TASK BRIEF —
In full and without alteration, reproduce every record.

AVAILABLE DATA —
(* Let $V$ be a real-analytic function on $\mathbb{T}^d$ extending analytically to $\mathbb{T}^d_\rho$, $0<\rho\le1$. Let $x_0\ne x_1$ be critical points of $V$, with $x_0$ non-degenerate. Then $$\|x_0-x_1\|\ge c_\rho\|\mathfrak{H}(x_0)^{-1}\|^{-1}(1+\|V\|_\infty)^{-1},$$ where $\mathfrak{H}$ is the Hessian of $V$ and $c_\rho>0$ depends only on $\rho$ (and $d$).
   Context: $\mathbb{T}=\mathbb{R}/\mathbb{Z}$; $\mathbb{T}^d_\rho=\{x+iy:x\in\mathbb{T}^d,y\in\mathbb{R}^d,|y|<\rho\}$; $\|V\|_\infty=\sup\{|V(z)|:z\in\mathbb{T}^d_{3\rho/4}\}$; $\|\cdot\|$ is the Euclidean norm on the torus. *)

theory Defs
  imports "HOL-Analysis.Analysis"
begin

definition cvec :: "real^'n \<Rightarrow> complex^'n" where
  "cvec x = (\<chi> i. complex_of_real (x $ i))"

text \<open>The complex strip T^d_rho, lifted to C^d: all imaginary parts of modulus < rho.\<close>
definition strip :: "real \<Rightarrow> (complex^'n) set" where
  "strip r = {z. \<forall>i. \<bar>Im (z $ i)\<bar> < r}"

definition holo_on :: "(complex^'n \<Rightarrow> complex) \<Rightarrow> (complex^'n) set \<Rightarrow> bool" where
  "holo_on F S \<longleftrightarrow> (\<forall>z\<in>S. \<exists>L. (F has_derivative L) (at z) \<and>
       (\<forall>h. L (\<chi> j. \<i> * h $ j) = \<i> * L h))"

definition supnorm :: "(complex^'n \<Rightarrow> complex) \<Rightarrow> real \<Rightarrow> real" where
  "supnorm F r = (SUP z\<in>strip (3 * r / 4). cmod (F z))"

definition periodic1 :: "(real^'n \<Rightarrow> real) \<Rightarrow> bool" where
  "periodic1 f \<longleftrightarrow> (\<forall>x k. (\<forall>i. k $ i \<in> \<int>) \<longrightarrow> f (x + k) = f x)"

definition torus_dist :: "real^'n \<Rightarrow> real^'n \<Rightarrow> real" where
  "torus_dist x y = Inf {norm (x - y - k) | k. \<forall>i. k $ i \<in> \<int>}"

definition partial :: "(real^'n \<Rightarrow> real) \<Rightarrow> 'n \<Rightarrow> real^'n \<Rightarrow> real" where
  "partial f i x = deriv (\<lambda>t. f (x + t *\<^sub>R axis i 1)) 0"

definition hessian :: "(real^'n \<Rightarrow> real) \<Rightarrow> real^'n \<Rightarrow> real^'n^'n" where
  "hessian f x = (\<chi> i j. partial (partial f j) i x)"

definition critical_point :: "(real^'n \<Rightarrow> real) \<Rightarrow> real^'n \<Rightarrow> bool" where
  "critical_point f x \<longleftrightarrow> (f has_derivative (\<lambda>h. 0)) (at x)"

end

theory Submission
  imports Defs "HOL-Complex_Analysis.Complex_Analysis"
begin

OUTPUT —
(* Let $V$ be a real-analytic function on $\mathbb{T}^d$ extending analytically to $\mathbb{T}^d_\rho$, $0<\rho\le1$. Let $x_0\ne x_1$ be critical points of $V$, with $x_0$ non-degenerate. Then $$\|x_0-x_1\|\ge c_\rho\|\mathfrak{H}(x_0)^{-1}\|^{-1}(1+\|V\|_\infty)^{-1},$$ where $\mathfrak{H}$ is the Hessian of $V$ and $c_\rho>0$ depends only on $\rho$ (and $d$).
   Context: $\mathbb{T}=\mathbb{R}/\mathbb{Z}$; $\mathbb{T}^d_\rho=\{x+iy:x\in\mathbb{T}^d,y\in\mathbb{R}^d,|y|<\rho\}$; $\|V\|_\infty=\sup\{|V(z)|:z\in\mathbb{T}^d_{3\rho/4}\}$; $\|\cdot\|$ is the Euclidean norm on the torus. *)

theory Defs
  imports "HOL-Analysis.Analysis"
begin

definition cvec :: "real^'n \<Rightarrow> complex^'n" where
  "cvec x = (\<chi> i. complex_of_real (x $ i))"

text \<open>The complex strip T^d_rho, lifted to C^d: all imaginary parts of modulus < rho.\<close>
definition strip :: "real \<Rightarrow> (complex^'n) set" where
  "strip r = {z. \<forall>i. \<bar>Im (z $ i)\<bar> < r}"

definition holo_on :: "(complex^'n \<Rightarrow> complex) \<Rightarrow> (complex^'n) set \<Rightarrow> bool" where
  "holo_on F S \<longleftrightarrow> (\<forall>z\<in>S. \<exists>L. (F has_derivative L) (at z) \<and>
       (\<forall>h. L (\<chi> j. \<i> * h $ j) = \<i> * L h))"

definition supnorm :: "(complex^'n \<Rightarrow> complex) \<Rightarrow> real \<Rightarrow> real" where
  "supnorm F r = (SUP z\<in>strip (3 * r / 4). cmod (F z))"

definition periodic1 :: "(real^'n \<Rightarrow> real) \<Rightarrow> bool" where
  "periodic1 f \<longleftrightarrow> (\<forall>x k. (\<forall>i. k $ i \<in> \<int>) \<longrightarrow> f (x + k) = f x)"

definition torus_dist :: "real^'n \<Rightarrow> real^'n \<Rightarrow> real" where
  "torus_dist x y = Inf {norm (x - y - k) | k. \<forall>i. k $ i \<in> \<int>}"

definition partial :: "(real^'n \<Rightarrow> real) \<Rightarrow> 'n \<Rightarrow> real^'n \<Rightarrow> real" where
  "partial f i x = deriv (\<lambda>t. f (x + t *\<^sub>R axis i 1)) 0"

definition hessian :: "(real^'n \<Rightarrow> real) \<Rightarrow> real^'n \<Rightarrow> real^'n^'n" where
  "hessian f x = (\<chi> i j. partial (partial f j) i x)"

definition critical_point :: "(real^'n \<Rightarrow> real) \<Rightarrow> real^'n \<Rightarrow> bool" where
  "critical_point f x \<longleftrightarrow> (f has_derivative (\<lambda>h. 0)) (at x)"

end

theory Submission
  imports Defs "HOL-Complex_Analysis.Complex_Analysis"
begin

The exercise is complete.